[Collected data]
■ ■ ■ ■ ■ ■ ■

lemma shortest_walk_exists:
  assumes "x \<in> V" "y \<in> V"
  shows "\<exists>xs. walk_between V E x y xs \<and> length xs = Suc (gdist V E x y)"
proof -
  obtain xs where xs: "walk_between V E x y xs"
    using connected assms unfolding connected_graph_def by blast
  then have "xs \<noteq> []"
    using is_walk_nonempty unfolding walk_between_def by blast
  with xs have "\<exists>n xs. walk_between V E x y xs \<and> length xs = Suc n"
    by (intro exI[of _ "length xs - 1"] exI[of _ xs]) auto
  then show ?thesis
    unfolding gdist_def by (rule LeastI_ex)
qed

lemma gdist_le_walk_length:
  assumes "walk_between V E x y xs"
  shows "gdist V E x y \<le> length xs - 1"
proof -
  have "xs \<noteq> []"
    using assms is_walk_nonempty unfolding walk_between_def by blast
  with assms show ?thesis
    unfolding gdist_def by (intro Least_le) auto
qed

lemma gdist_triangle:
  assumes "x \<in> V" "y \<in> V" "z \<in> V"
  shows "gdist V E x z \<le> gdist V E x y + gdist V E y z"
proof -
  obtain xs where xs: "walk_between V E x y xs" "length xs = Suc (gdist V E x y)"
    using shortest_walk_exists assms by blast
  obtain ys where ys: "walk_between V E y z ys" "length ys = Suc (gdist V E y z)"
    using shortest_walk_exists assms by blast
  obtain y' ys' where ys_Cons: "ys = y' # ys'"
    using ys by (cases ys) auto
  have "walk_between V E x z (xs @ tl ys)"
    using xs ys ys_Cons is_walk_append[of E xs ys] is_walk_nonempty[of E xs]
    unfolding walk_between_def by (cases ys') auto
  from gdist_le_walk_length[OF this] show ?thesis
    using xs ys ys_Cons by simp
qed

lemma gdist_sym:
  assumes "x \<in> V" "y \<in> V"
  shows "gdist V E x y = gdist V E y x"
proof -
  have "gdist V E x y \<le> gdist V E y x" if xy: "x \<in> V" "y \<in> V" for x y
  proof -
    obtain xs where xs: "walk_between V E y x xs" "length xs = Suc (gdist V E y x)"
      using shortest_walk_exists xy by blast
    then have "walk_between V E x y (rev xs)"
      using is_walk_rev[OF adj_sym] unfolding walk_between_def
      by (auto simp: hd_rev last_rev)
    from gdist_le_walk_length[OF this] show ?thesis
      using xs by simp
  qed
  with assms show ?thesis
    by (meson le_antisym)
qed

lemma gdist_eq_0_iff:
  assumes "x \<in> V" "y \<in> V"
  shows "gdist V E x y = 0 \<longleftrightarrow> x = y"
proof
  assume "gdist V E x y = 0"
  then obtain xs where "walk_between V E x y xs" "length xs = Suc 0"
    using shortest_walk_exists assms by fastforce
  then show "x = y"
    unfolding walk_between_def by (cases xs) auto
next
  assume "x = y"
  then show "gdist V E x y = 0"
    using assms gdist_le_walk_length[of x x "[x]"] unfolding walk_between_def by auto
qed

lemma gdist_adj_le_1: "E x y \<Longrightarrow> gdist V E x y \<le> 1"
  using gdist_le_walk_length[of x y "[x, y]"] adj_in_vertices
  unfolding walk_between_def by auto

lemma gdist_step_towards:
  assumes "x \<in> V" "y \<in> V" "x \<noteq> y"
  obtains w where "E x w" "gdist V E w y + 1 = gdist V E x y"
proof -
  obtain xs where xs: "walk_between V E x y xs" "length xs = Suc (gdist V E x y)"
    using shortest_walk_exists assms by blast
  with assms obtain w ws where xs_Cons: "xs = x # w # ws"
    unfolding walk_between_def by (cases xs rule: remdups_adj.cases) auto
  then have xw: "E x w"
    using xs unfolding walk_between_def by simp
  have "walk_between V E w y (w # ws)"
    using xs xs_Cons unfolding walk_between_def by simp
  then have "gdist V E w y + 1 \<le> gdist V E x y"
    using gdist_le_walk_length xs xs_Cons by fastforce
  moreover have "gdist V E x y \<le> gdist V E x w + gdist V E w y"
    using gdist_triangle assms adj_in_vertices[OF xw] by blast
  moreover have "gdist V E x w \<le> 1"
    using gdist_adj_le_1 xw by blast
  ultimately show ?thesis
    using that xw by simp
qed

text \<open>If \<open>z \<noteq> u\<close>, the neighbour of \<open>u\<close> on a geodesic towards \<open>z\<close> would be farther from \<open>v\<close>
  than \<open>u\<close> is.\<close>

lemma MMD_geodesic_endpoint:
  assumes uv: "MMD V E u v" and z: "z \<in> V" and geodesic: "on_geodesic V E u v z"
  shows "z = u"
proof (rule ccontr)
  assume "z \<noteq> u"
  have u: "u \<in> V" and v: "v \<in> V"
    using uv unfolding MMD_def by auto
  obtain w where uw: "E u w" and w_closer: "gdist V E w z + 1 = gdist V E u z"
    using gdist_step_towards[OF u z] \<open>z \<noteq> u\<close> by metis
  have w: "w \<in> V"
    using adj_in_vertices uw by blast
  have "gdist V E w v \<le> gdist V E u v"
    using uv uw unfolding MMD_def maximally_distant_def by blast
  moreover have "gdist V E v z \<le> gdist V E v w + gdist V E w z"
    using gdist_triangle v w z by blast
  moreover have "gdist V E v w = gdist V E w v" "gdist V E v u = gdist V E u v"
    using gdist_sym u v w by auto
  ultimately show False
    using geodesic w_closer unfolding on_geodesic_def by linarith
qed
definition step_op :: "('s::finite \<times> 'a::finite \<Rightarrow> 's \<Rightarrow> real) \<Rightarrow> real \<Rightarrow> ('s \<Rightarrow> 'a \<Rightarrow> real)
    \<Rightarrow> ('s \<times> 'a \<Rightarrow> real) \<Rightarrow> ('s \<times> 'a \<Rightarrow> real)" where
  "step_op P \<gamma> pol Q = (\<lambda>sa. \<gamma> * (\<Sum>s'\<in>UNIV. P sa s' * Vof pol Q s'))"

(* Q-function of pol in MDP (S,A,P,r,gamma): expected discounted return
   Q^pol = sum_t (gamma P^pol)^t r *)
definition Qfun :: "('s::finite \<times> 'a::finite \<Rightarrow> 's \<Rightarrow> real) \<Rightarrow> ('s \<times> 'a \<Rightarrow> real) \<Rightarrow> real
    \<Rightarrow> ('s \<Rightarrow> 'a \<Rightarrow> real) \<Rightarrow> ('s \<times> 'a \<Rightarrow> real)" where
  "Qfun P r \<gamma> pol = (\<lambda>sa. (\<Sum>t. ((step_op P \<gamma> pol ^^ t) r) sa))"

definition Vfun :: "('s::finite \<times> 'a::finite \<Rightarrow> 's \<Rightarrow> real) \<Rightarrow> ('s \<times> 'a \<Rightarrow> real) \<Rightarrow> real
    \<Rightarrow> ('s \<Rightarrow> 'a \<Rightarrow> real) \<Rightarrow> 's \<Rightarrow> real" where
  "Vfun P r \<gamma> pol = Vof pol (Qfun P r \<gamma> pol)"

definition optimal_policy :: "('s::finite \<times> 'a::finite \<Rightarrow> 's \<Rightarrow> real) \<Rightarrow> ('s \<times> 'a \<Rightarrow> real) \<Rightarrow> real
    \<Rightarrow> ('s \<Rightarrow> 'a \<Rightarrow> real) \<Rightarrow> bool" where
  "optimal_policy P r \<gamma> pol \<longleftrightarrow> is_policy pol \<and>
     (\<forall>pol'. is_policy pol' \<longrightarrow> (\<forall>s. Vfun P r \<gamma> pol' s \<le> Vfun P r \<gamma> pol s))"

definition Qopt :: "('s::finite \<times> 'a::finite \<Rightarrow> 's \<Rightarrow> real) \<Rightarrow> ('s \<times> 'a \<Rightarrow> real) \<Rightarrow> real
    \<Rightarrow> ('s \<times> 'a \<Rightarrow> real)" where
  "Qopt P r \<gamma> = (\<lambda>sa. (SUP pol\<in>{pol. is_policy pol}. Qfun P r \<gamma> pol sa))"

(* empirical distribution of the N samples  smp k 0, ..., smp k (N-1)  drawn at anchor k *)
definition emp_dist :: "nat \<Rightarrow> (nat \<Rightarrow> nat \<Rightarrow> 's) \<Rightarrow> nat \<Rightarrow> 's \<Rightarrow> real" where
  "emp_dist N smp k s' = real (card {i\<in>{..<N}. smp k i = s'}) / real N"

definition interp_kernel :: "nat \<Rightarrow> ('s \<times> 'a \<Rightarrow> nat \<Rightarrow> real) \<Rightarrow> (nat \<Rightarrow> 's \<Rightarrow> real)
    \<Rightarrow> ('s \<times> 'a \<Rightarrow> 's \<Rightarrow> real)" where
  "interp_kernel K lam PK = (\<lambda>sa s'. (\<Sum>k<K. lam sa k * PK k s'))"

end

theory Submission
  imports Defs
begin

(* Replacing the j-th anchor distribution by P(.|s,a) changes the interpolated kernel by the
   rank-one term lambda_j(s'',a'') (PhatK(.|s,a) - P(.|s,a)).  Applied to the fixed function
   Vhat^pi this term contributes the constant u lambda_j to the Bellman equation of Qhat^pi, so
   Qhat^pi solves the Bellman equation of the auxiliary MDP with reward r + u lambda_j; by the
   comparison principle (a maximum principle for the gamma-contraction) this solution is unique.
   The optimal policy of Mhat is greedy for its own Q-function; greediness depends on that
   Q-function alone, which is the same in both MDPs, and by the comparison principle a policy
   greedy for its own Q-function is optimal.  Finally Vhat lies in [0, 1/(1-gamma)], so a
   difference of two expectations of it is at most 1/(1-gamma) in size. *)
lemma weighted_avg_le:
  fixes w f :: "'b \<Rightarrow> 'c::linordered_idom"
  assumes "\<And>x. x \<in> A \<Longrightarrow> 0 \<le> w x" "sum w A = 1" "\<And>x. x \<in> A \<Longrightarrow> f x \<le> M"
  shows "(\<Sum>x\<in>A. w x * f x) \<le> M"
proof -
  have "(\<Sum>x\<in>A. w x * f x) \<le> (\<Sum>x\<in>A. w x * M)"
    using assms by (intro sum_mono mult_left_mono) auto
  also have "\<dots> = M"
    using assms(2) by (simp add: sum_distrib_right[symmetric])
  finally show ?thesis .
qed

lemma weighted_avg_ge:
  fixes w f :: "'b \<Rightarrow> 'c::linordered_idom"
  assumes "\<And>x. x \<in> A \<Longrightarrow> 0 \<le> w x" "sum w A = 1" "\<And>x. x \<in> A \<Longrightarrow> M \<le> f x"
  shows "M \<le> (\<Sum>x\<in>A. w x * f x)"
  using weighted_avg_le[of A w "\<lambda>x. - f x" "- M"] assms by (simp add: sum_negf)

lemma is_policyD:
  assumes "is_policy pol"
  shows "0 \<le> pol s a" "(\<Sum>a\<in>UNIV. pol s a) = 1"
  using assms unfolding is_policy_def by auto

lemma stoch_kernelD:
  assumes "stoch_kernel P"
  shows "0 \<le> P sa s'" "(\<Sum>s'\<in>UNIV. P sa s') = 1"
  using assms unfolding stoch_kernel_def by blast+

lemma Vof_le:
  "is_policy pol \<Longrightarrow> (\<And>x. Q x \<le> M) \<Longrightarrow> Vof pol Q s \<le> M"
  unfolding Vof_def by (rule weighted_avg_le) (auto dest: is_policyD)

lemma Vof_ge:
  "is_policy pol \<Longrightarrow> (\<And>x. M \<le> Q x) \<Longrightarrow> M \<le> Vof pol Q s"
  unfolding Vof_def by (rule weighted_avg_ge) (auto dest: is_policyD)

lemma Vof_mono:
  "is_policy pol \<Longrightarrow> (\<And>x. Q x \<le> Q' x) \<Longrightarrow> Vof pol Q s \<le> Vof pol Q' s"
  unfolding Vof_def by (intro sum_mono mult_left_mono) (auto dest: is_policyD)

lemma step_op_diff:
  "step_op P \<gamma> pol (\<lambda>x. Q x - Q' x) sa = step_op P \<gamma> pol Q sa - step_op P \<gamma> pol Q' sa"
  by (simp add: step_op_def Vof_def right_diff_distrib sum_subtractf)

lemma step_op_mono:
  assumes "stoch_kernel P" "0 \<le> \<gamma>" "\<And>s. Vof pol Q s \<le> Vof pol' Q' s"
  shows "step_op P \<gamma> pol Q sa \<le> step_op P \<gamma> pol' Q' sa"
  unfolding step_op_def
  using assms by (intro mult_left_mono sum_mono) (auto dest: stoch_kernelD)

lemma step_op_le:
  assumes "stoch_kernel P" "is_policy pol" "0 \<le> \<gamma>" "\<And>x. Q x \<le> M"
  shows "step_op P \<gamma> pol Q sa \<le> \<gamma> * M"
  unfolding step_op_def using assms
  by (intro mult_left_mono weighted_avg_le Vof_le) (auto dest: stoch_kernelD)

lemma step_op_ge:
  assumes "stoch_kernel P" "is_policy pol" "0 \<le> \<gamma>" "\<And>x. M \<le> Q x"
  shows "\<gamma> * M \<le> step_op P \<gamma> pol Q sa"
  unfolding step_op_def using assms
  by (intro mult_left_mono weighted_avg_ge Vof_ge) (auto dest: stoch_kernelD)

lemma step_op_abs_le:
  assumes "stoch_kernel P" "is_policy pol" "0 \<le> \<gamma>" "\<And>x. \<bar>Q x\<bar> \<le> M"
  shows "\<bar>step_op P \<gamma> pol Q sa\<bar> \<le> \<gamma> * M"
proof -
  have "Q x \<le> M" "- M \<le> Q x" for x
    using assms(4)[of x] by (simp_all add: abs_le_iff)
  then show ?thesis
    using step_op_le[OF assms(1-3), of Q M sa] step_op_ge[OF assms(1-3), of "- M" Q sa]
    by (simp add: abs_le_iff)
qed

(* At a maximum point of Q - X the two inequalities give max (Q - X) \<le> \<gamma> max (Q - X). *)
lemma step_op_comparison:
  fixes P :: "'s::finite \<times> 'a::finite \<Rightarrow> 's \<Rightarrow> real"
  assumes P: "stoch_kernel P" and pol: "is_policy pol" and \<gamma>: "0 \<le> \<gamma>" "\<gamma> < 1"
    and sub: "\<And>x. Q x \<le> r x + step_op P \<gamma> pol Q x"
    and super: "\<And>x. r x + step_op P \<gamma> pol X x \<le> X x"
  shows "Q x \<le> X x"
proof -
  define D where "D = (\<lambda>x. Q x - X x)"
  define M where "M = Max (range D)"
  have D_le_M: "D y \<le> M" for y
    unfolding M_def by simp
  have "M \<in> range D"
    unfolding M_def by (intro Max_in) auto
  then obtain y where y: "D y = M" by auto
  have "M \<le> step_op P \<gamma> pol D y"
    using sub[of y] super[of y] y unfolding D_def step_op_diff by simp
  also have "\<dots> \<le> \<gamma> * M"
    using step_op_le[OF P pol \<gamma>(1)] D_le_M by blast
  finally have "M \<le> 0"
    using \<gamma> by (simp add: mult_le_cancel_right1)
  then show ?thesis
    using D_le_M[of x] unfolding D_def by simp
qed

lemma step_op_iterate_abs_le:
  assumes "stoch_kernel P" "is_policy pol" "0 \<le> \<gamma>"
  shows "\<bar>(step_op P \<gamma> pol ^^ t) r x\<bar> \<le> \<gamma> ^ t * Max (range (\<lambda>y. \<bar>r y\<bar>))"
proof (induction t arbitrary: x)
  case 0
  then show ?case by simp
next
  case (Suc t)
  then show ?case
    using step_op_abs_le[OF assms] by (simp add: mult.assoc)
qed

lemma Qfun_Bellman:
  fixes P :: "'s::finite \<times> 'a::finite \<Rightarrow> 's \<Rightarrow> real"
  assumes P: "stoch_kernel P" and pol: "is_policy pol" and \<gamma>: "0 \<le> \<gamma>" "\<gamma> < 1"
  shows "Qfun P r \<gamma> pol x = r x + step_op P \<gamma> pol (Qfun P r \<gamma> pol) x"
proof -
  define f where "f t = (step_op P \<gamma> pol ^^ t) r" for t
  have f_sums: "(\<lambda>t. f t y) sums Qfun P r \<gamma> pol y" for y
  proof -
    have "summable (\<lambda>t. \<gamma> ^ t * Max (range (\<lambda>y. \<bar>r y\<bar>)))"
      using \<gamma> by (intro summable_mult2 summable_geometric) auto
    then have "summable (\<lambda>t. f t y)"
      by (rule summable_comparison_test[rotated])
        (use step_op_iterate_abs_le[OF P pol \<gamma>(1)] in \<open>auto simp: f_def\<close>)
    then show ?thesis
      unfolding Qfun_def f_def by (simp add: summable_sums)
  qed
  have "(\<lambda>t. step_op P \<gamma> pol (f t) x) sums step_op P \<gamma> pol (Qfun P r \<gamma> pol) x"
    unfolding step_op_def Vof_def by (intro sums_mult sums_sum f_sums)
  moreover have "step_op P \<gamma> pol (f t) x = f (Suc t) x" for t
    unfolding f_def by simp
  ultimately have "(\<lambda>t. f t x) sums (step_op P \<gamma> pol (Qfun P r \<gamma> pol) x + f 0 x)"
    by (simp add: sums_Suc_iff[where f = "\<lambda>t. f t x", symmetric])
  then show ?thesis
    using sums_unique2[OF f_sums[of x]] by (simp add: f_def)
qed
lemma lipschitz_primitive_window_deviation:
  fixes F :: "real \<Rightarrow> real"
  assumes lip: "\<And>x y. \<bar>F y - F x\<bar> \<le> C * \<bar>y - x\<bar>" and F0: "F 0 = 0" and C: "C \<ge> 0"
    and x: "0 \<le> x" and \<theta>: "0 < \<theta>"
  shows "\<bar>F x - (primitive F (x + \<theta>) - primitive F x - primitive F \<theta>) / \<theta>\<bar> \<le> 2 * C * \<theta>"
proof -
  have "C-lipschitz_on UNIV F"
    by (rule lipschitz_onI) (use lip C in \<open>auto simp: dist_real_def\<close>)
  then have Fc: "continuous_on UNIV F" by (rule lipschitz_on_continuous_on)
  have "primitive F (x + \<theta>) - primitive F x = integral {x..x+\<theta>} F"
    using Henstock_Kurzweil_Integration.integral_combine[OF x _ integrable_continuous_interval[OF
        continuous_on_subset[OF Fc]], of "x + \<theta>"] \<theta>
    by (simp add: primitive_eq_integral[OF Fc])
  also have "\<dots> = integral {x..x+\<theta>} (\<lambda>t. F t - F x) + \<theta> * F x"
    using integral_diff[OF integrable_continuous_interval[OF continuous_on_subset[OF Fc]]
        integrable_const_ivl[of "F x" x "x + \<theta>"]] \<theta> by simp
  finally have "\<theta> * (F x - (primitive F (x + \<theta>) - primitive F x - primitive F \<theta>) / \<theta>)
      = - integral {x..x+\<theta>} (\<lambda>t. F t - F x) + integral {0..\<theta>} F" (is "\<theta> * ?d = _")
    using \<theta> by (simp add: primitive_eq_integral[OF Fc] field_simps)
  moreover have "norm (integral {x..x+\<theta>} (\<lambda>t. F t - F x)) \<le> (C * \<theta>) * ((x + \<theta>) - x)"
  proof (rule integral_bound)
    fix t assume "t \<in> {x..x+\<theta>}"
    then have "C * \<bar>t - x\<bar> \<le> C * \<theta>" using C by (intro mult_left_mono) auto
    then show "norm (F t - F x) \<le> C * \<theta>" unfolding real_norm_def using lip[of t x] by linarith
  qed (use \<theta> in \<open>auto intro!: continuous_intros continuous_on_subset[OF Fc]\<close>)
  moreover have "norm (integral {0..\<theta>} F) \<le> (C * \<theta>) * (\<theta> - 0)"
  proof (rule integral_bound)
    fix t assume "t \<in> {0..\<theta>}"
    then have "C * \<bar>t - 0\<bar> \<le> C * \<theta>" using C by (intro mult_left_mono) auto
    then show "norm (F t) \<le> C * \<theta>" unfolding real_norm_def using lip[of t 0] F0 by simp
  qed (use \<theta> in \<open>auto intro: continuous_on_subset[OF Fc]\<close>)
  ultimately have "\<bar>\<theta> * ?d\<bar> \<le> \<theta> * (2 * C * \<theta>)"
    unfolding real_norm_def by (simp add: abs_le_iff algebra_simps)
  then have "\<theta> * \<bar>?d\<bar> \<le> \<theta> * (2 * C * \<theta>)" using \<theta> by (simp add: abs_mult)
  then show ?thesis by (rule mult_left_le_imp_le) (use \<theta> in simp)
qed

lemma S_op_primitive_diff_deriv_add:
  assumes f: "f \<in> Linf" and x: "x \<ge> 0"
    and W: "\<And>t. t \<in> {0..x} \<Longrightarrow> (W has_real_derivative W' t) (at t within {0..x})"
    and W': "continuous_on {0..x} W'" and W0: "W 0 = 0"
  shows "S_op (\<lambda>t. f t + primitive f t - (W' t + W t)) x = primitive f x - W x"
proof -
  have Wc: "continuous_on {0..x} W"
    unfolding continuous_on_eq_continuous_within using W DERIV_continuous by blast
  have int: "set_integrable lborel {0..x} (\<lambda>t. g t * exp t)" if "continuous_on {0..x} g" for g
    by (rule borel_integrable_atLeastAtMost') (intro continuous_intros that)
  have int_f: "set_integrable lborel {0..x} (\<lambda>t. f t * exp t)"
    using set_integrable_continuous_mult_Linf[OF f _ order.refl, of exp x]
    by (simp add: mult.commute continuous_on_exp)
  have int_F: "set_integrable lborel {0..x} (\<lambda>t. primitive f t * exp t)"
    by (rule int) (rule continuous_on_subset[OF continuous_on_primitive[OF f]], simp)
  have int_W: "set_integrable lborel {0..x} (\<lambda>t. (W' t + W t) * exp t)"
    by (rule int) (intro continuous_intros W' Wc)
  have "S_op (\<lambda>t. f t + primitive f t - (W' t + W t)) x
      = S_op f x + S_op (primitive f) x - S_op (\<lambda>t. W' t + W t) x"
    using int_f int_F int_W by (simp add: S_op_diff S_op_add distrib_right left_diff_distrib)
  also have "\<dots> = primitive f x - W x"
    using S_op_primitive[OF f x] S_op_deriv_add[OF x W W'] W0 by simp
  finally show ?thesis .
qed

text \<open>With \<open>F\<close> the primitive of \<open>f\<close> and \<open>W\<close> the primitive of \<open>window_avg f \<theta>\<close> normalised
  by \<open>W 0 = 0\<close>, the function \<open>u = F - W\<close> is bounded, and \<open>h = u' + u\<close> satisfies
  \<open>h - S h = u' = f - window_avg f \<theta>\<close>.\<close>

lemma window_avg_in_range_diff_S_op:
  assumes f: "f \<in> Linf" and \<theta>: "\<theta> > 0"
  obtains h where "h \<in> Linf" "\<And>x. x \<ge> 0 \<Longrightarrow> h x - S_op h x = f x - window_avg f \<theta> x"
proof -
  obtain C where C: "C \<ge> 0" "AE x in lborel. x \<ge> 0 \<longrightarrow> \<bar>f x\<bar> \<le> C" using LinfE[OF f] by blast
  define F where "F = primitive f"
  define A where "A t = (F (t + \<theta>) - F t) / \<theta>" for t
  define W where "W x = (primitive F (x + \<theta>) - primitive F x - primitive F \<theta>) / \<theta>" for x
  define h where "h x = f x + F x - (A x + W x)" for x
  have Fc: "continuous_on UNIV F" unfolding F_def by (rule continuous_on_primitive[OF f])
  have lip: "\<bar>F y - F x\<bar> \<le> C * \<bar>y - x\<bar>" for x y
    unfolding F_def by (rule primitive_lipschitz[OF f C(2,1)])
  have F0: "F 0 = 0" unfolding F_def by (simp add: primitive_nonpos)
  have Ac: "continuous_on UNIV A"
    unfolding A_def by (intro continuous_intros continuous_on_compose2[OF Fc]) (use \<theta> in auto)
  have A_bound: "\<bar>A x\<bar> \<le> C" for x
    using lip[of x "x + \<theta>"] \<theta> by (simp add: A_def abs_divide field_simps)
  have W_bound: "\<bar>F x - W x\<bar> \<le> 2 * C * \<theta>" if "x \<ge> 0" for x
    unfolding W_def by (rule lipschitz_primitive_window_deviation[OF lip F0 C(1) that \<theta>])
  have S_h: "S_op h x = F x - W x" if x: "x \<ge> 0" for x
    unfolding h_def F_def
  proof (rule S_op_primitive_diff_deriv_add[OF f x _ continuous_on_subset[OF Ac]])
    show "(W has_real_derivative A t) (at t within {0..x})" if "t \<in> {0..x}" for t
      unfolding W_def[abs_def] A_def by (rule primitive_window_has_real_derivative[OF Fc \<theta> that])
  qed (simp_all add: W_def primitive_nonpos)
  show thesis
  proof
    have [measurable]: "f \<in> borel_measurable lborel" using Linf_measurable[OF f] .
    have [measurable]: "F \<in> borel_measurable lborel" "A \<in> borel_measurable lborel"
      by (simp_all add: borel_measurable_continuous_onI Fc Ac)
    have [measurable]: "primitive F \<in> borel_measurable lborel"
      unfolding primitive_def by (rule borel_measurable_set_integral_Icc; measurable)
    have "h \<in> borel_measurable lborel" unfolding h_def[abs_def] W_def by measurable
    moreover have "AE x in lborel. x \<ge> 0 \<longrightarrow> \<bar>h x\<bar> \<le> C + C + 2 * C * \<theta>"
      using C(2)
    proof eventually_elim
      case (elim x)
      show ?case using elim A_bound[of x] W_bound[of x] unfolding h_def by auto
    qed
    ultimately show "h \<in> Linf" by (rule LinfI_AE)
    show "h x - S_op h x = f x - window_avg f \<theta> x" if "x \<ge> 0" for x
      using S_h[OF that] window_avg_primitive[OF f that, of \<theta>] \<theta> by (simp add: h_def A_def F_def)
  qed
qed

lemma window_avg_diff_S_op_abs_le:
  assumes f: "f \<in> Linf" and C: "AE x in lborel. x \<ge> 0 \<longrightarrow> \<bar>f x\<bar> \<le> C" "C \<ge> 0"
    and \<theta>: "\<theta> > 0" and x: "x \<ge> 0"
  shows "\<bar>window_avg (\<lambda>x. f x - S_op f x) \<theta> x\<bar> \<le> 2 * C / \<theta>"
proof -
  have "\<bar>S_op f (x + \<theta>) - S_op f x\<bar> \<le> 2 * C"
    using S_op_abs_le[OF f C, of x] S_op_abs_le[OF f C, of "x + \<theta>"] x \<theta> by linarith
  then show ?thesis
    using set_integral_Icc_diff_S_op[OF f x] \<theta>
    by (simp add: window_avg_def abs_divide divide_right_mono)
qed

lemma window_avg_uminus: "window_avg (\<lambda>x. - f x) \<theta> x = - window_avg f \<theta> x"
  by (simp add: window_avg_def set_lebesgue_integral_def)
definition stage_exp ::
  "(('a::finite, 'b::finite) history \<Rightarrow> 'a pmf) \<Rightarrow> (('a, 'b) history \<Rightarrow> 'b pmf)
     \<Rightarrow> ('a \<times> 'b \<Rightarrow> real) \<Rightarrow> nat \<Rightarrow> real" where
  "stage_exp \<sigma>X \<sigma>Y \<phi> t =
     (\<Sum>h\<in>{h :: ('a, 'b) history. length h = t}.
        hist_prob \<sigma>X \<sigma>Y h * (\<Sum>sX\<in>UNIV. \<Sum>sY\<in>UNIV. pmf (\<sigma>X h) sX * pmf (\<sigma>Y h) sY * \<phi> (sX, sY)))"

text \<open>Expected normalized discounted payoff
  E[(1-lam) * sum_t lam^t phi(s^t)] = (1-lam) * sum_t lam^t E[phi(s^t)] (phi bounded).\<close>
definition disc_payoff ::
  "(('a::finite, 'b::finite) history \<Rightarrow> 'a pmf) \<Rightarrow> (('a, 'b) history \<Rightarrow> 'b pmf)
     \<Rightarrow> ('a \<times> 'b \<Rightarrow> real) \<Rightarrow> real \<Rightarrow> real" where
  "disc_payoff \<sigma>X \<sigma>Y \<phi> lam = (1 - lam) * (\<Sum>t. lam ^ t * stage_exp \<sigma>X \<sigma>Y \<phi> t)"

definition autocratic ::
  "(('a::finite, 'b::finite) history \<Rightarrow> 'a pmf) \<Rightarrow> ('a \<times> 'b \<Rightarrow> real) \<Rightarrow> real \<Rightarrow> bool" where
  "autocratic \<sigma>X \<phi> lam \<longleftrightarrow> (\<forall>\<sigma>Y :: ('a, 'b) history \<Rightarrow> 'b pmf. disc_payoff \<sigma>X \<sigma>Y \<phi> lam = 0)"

■ ■ ■ ■ ■ ■ ■

* **ABOUT THIS TASK**: Please transcribe only the lines in the records above running from the line that has "unfolding continuous_on_eq_continuous_within using" through the line that has "define h where", both included, exactly as they appear.

* **YOUR RESPONSE**:
    unfolding continuous_on_eq_continuous_within using W DERIV_continuous by blast
  have int: "set_integrable lborel {0..x} (\<lambda>t. g t * exp t)" if "continuous_on {0..x} g" for g
    by (rule borel_integrable_atLeastAtMost') (intro continuous_intros that)
  have int_f: "set_integrable lborel {0..x} (\<lambda>t. f t * exp t)"
    using set_integrable_continuous_mult_Linf[OF f _ order.refl, of exp x]
    by (simp add: mult.commute continuous_on_exp)
  have int_F: "set_integrable lborel {0..x} (\<lambda>t. primitive f t * exp t)"
    by (rule int) (rule continuous_on_subset[OF continuous_on_primitive[OF f]], simp)
  have int_W: "set_integrable lborel {0..x} (\<lambda>t. (W' t + W t) * exp t)"
    by (rule int) (intro continuous_intros W' Wc)
  have "S_op (\<lambda>t. f t + primitive f t - (W' t + W t)) x
      = S_op f x + S_op (primitive f) x - S_op (\<lambda>t. W' t + W t) x"
    using int_f int_F int_W by (simp add: S_op_diff S_op_add distrib_right left_diff_distrib)
  also have "\<dots> = primitive f x - W x"
    using S_op_primitive[OF f x] S_op_deriv_add[OF x W W'] W0 by simp
  finally show ?thesis .
qed

text \<open>With \<open>F\<close> the primitive of \<open>f\<close> and \<open>W\<close> the primitive of \<open>window_avg f \<theta>\<close> normalised
  by \<open>W 0 = 0\<close>, the function \<open>u = F - W\<close> is bounded, and \<open>h = u' + u\<close> satisfies
  \<open>h - S h = u' = f - window_avg f \<theta>\<close>.\<close>

lemma window_avg_in_range_diff_S_op:
  assumes f: "f \<in> Linf" and \<theta>: "\<theta> > 0"
  obtains h where "h \<in> Linf" "\<And>x. x \<ge> 0 \<Longrightarrow> h x - S_op h x = f x - window_avg f \<theta> x"
proof -
  obtain C where C: "C \<ge> 0" "AE x in lborel. x \<ge> 0 \<longrightarrow> \<bar>f x\<bar> \<le> C" using LinfE[OF f] by blast
  define F where "F = primitive f"
  define A where "A t = (F (t + \<theta>) - F t) / \<theta>" for t
  define W where "W x = (primitive F (x + \<theta>) - primitive F x - primitive F \<theta>) / \<theta>" for x
  define h where "h x = f x + F x - (A x + W x)" for x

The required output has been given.